#### DIRECTIONS FOR THIS TASK:
Say how many of the lines below contain the word "define"; nothing else belongs in the answer.

(Source records)
╭──
lemma chain_rule_modulus:
  fixes \<rho> \<Phi>' :: "real \<Rightarrow> real"
  assumes S: "is_interval S" "closed S" and \<rho>S: "\<And>x. \<rho> x \<in> S"
    and c\<rho>: "continuous_on UNIV \<rho>" and c\<Phi>': "continuous_on S \<Phi>'" and "\<epsilon> > 0"
  obtains \<delta> where "\<delta> > 0"
    "\<And>a b t \<xi>. A \<le> a \<Longrightarrow> t \<in> {a..b} \<Longrightarrow> b \<le> B \<Longrightarrow> b - a < \<delta> \<Longrightarrow>
      min (\<rho> a) (\<rho> b) \<le> \<xi> \<Longrightarrow> \<xi> \<le> max (\<rho> a) (\<rho> b) \<Longrightarrow> \<bar>\<Phi>' \<xi> - \<Phi>' (\<rho> t)\<bar> \<le> \<epsilon>"
proof -
  obtain R where R: "\<forall>t\<in>{A..B}. \<bar>\<rho> t\<bar> \<le> R"
    using compact_imp_bounded[OF compact_continuous_image[OF continuous_on_subset[OF c\<rho>], of "{A..B}"]]
    by (auto simp: bounded_iff)
  define K where "K = S \<inter> {-R-1..R+1}"
  have "uniformly_continuous_on K \<Phi>'"
    using S(2) by (intro compact_uniformly_continuous continuous_on_subset[OF c\<Phi>'])
      (auto simp: K_def intro: closed_Int_compact)
  then obtain \<eta> where \<eta>: "\<eta> > 0" "\<And>x x'. x \<in> K \<Longrightarrow> x' \<in> K \<Longrightarrow> dist x' x < \<eta> \<Longrightarrow> dist (\<Phi>' x') (\<Phi>' x) < \<epsilon>"
    unfolding uniformly_continuous_on_def using \<open>\<epsilon> > 0\<close> by metis
  have "uniformly_continuous_on {A..B} \<rho>"
    by (intro compact_uniformly_continuous continuous_on_subset[OF c\<rho>]) auto
  then obtain \<delta> where \<delta>: "\<delta> > 0"
    "\<And>x x'. x \<in> {A..B} \<Longrightarrow> x' \<in> {A..B} \<Longrightarrow> dist x' x < \<delta> \<Longrightarrow> dist (\<rho> x') (\<rho> x) < min \<eta> 1"
    unfolding uniformly_continuous_on_def using \<eta>(1) by (metis min_less_iff_conj zero_less_one)
  show ?thesis
  proof (rule that[OF \<delta>(1)])
    fix a b t \<xi>
    assume ab: "A \<le> a" "t \<in> {a..b}" "b \<le> B" "b - a < \<delta>"
      and \<xi>: "min (\<rho> a) (\<rho> b) \<le> \<xi>" "\<xi> \<le> max (\<rho> a) (\<rho> b)"
    have "dist (\<rho> a) (\<rho> t) < min \<eta> 1" "dist (\<rho> b) (\<rho> t) < min \<eta> 1"
      using \<delta>(2)[of t a] \<delta>(2)[of t b] ab by (auto simp: dist_real_def)
    then have close: "\<bar>\<xi> - \<rho> t\<bar> < min \<eta> 1"
      using \<xi> by (auto simp: dist_real_def min_def max_def split: if_splits)
    have "min (\<rho> a) (\<rho> b) \<in> S" "max (\<rho> a) (\<rho> b) \<in> S"
      using \<rho>S[of a] \<rho>S[of b] by (auto simp: min_def max_def)
    then have "\<xi> \<in> S" using S(1) \<xi> unfolding is_interval_1 by blast
    moreover have "\<bar>\<rho> t\<bar> \<le> R" using R ab by auto
    ultimately have "\<rho> t \<in> K" "\<xi> \<in> K" using close \<rho>S[of t] by (auto simp: K_def)
    then show "\<bar>\<Phi>' \<xi> - \<Phi>' (\<rho> t)\<bar> \<le> \<epsilon>" using \<eta>(2) close by (force simp: dist_real_def)
  qed
qed

text \<open>Since \<open>\<rho>\<close> is only absolutely continuous, the chain rule is proved by hand: on short
  intervals the mean value theorem and the uniform continuity of \<open>\<Phi>'\<close> bound the defect
  \<open>\<Phi> (\<rho> b) - \<Phi> (\<rho> a) - \<integral>\<^sub>a\<^sup>b \<Phi>' (\<rho> t) \<rho>' t dt\<close> by \<open>\<epsilon> \<integral>\<^sub>a\<^sup>b |\<rho>' t| dt\<close>, and these defects add up along a partition.\<close>

lemma has_weak_deriv_chain:
  fixes \<rho> \<rho>' \<Phi> \<Phi>' :: "real \<Rightarrow> real" and S :: "real set"
  assumes wd: "has_weak_deriv \<rho> \<rho>'"
    and S: "is_interval S" "closed S" and \<rho>S: "\<And>x. \<rho> x \<in> S"
    and d\<Phi>: "\<And>s. s \<in> S \<Longrightarrow> (\<Phi> has_real_derivative \<Phi>' s) (at s within S)"
    and c\<Phi>': "continuous_on S \<Phi>'"
  shows "has_weak_deriv (\<lambda>x. \<Phi> (\<rho> x)) (\<lambda>x. \<Phi>' (\<rho> x) * \<rho>' x)"
proof -
  have I: "\<forall>a b. set_integrable lborel {a..b} \<rho>'" by (rule has_weak_deriv_locally_integrable[OF wd])
  have c\<rho>: "continuous_on UNIV \<rho>" by (rule has_weak_deriv_continuous[OF wd])
  have "continuous_on UNIV (\<lambda>x. \<Phi>' (\<rho> x))"
    by (rule continuous_on_compose2[OF c\<Phi>' c\<rho>]) (use \<rho>S in auto)
  then have I\<Phi>: "\<forall>a b. set_integrable lborel {a..b} (\<lambda>x. \<Phi>' (\<rho> x) * \<rho>' x)"
    by (rule locally_integrable_continuous_mult[OF _ I])
  have I_abs: "\<forall>a b. set_integrable lborel {a..b} (\<lambda>x. \<bar>\<rho>' x\<bar>)" using I by (auto intro: set_integrable_abs)
  define J where "J a b = (LBINT t=ereal a..ereal b. \<Phi>' (\<rho> t) * \<rho>' t)" for a b
  define L where "L a b = (LBINT t=ereal a..ereal b. \<bar>\<rho>' t\<bar>)" for a b
  have additive: "J A b - J A a = J a b" "L A b - L A a = L a b" for A a b
    unfolding J_def L_def
    using interval_lebesgue_integrable_if_locally[OF I\<Phi>, of "min A (min a b)" "max A (max a b)"]
      interval_lebesgue_integrable_if_locally[OF I_abs, of "min A (min a b)" "max A (max a b)"]
    by (simp_all only: ereal_min ereal_max flip: interval_integral_sum)
  have local: "\<exists>\<delta>>0. \<forall>a b. A \<le> a \<longrightarrow> a \<le> b \<longrightarrow> b \<le> B \<longrightarrow> b - a < \<delta> \<longrightarrow>
      \<bar>(\<Phi> (\<rho> b) - J A b) - (\<Phi> (\<rho> a) - J A a)\<bar> \<le> \<epsilon> * (L A b - L A a)" if "\<epsilon> > 0" for A B \<epsilon>
  proof -
    obtain \<delta> where "\<delta> > 0" and modulus: "\<And>a b t \<xi>. A \<le> a \<Longrightarrow> t \<in> {a..b} \<Longrightarrow> b \<le> B \<Longrightarrow> b - a < \<delta> \<Longrightarrow>
      min (\<rho> a) (\<rho> b) \<le> \<xi> \<Longrightarrow> \<xi> \<le> max (\<rho> a) (\<rho> b) \<Longrightarrow> \<bar>\<Phi>' \<xi> - \<Phi>' (\<rho> t)\<bar> \<le> \<epsilon>"
      using chain_rule_modulus[OF S \<rho>S c\<rho> c\<Phi>' \<open>\<epsilon> > 0\<close>] by blast
    have bound: "\<bar>\<Phi> (\<rho> b) - \<Phi> (\<rho> a) - J a b\<bar> \<le> \<epsilon> * L a b"
      if ab: "A \<le> a" "a \<le> b" "b \<le> B" "b - a < \<delta>" for a b
    proof -
      obtain \<xi> where \<xi>: "min (\<rho> a) (\<rho> b) \<le> \<xi>" "\<xi> \<le> max (\<rho> a) (\<rho> b)"
        and mvt: "\<Phi> (\<rho> b) - \<Phi> (\<rho> a) = \<Phi>' \<xi> * (\<rho> b - \<rho> a)"
        using MVT_within_interval[OF S(1) \<rho>S \<rho>S d\<Phi>] by blast
      have "\<bar>\<Phi>' \<xi> - \<Phi>' (\<rho> t)\<bar> \<le> \<epsilon>" if "t \<in> {a..b}" for t
        using modulus[OF ab(1) that ab(3,4) \<xi>] .
      then show ?thesis
        unfolding mvt has_weak_deriv_FTC[OF wd, of b a] J_def L_def
        using abs_interval_integral_mult_diff_le[OF \<open>a \<le> b\<close>] I I\<Phi> by simp
    qed
    have shift: "(\<Phi> (\<rho> b) - J A b) - (\<Phi> (\<rho> a) - J A a) = \<Phi> (\<rho> b) - \<Phi> (\<rho> a) - J a b" for a b
      using additive(1)[where A = A and a = a and b = b] by simp
    show ?thesis unfolding shift additive(2) using \<open>\<delta> > 0\<close> bound by blast
  qed
  have "\<Phi> (\<rho> B) - \<Phi> (\<rho> A) = J A B" if "A \<le> B" for A B
    using eq_if_local_increments_small[OF that local] by (simp add: J_def)
  then show ?thesis by (intro has_weak_derivI[OF I\<Phi>]) (simp add: J_def)
qed

lemma has_weak_deriv_norm_sq:
  fixes u w :: "real \<Rightarrow> complex"
  assumes "has_weak_deriv u w"
  shows "has_weak_deriv (\<lambda>x. (cmod (u x))\<^sup>2) (\<lambda>x. 2 * Re (w x * cnj (u x)))"
proof -
  have "((\<lambda>s. s\<^sup>2) has_real_derivative 2 * s) (at s within UNIV)" for s :: real
    by (auto intro!: derivative_eq_intros)
  then have square: "has_weak_deriv (\<lambda>x. (g x)\<^sup>2) (\<lambda>x. 2 * g x * g' x)"
    if "has_weak_deriv g g'" for g g' :: "real \<Rightarrow> real"
    using has_weak_deriv_chain[OF that, of UNIV "\<lambda>s. s\<^sup>2" "\<lambda>s. 2 * s"] by (auto intro: continuous_intros)
  have "has_weak_deriv (\<lambda>x. (Re (u x))\<^sup>2 + (Im (u x))\<^sup>2) (\<lambda>x. 2 * Re (u x) * Re (w x) + 2 * Im (u x) * Im (w x))"
    by (intro has_weak_deriv_add square has_weak_deriv_bounded_linear[OF bounded_linear_Re assms]
        has_weak_deriv_bounded_linear[OF bounded_linear_Im assms])
  then show ?thesis by (simp add: cmod_power2 algebra_simps)
qed

lemma has_weak_deriv_comp_norm_sq:
  assumes "has_weak_deriv u w"
    and dh: "\<And>s. s \<ge> 0 \<Longrightarrow> (h has_real_derivative h' s) (at s within {0..})" and ch: "continuous_on {0..} h'"
  shows "has_weak_deriv (\<lambda>x. h ((cmod (u x))\<^sup>2)) (\<lambda>x. h' ((cmod (u x))\<^sup>2) * (2 * Re (w x * cnj (u x))))"
  by (rule has_weak_deriv_chain[OF has_weak_deriv_norm_sq[OF assms(1)], where S="{0..}"])
    (use dh ch in \<open>auto simp: is_interval_ci\<close>)

section \<open>The potential\<close>

lemma smooth_on_nonneg_derivative:
  assumes "smooth_on_nonneg g"
  obtains g' where "\<And>x. x \<ge> 0 \<Longrightarrow> (g has_real_derivative g' x) (at x within {0..})"
    and "continuous_on {0..} g'"
proof -
  obtain D where "D 0 = g" and D: "\<And>n x. x \<ge> 0 \<Longrightarrow> (D n has_real_derivative D (Suc n) x) (at x within {0..})"
    using assms unfolding smooth_on_nonneg_def by blast
  show ?thesis
  proof (rule that)
    show "(g has_real_derivative D 1 x) (at x within {0..})" if "x \<ge> 0" for x
      using D[OF that, of 0] \<open>D 0 = g\<close> by simp
    show "continuous_on {0..} (D 1)"
      by (rule DERIV_continuous_on[of _ _ "D (Suc 1)"]) (use D in simp)
  qed
qed

lemma DERIV_within_nonneg_imp_at:
  assumes "(g has_real_derivative d) (at x within {0..})" and "x > 0"
  shows "(g has_real_derivative d) (at x)"
proof -
  have "(g has_real_derivative d) (at x within {0<..})"
    by (rule has_field_derivative_subset[OF assms(1)]) auto
  then show ?thesis using at_within_open[of x "{0<..}"] assms(2) by simp
qed

lemma Fpot_has_derivative:
  assumes cf: "continuous_on {0..} f" and "\<sigma> \<ge> 0"
  shows "(Fpot f r0 has_real_derivative - f \<sigma>) (at \<sigma> within {0..})"
proof -
  define b where "b = max \<sigma> (r0\<^sup>2) + 1"
  have "((\<lambda>s. LBINT w=r0\<^sup>2..s. f w) has_vector_derivative f \<sigma>) (at \<sigma> within {0..b})"
    using \<open>\<sigma> \<ge> 0\<close> by (intro interval_integral_FTC2 continuous_on_subset[OF cf]) (auto simp: b_def)
  then have "(Fpot f r0 has_real_derivative - f \<sigma>) (at \<sigma> within {0..b})"
    unfolding Fpot_def[abs_def] has_real_derivative_iff_has_vector_derivative
    by (subst interval_integral_endpoints_reverse) (rule derivative_intros)
  moreover have "at \<sigma> within {0..b} = at \<sigma> within {0..}"
    by (rule at_within_nhd[where S="{..<b}"]) (auto simp: b_def)
  ultimately show ?thesis by simp
qed

lemma continuous_on_Fpot:
  assumes "continuous_on {0..} f"
  shows "continuous_on {0..} (Fpot f r0)"
  by (rule DERIV_continuous_on[OF Fpot_has_derivative[OF assms]]) simp

lemma deriv2_Fpot:
  assumes df: "\<And>x. x \<ge> 0 \<Longrightarrow> (f has_real_derivative f' x) (at x within {0..})" and "\<sigma> > 0"
  shows "deriv (deriv (Fpot f r0)) \<sigma> = - f' \<sigma>"
proof -
  have cf: "continuous_on {0..} f" using df by (rule DERIV_continuous_on) simp
  have "deriv (Fpot f r0) x = - f x" if "x > 0" for x
    using DERIV_imp_deriv[OF DERIV_within_nonneg_imp_at[OF Fpot_has_derivative[OF cf] that]] that by simp
  then have ev: "\<forall>\<^sub>F x in nhds \<sigma>. deriv (Fpot f r0) x = - f x"
    using eventually_nhds_in_open[of "{0<..}" \<sigma>] \<open>\<sigma> > 0\<close> by (auto elim!: eventually_mono)
  have "((\<lambda>x. - f x) has_real_derivative - f' \<sigma>) (at \<sigma>)"
    using DERIV_within_nonneg_imp_at[OF df \<open>\<sigma> > 0\<close>] \<open>\<sigma> > 0\<close> by (auto intro: DERIV_minus)
  then have "(deriv (Fpot f r0) has_real_derivative - f' \<sigma>) (at \<sigma>)"
    using DERIV_cong_ev[OF refl ev refl] by simp
  then show ?thesis by (rule DERIV_imp_deriv)
qed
╰──
#### FINISHED EXERCISE:
4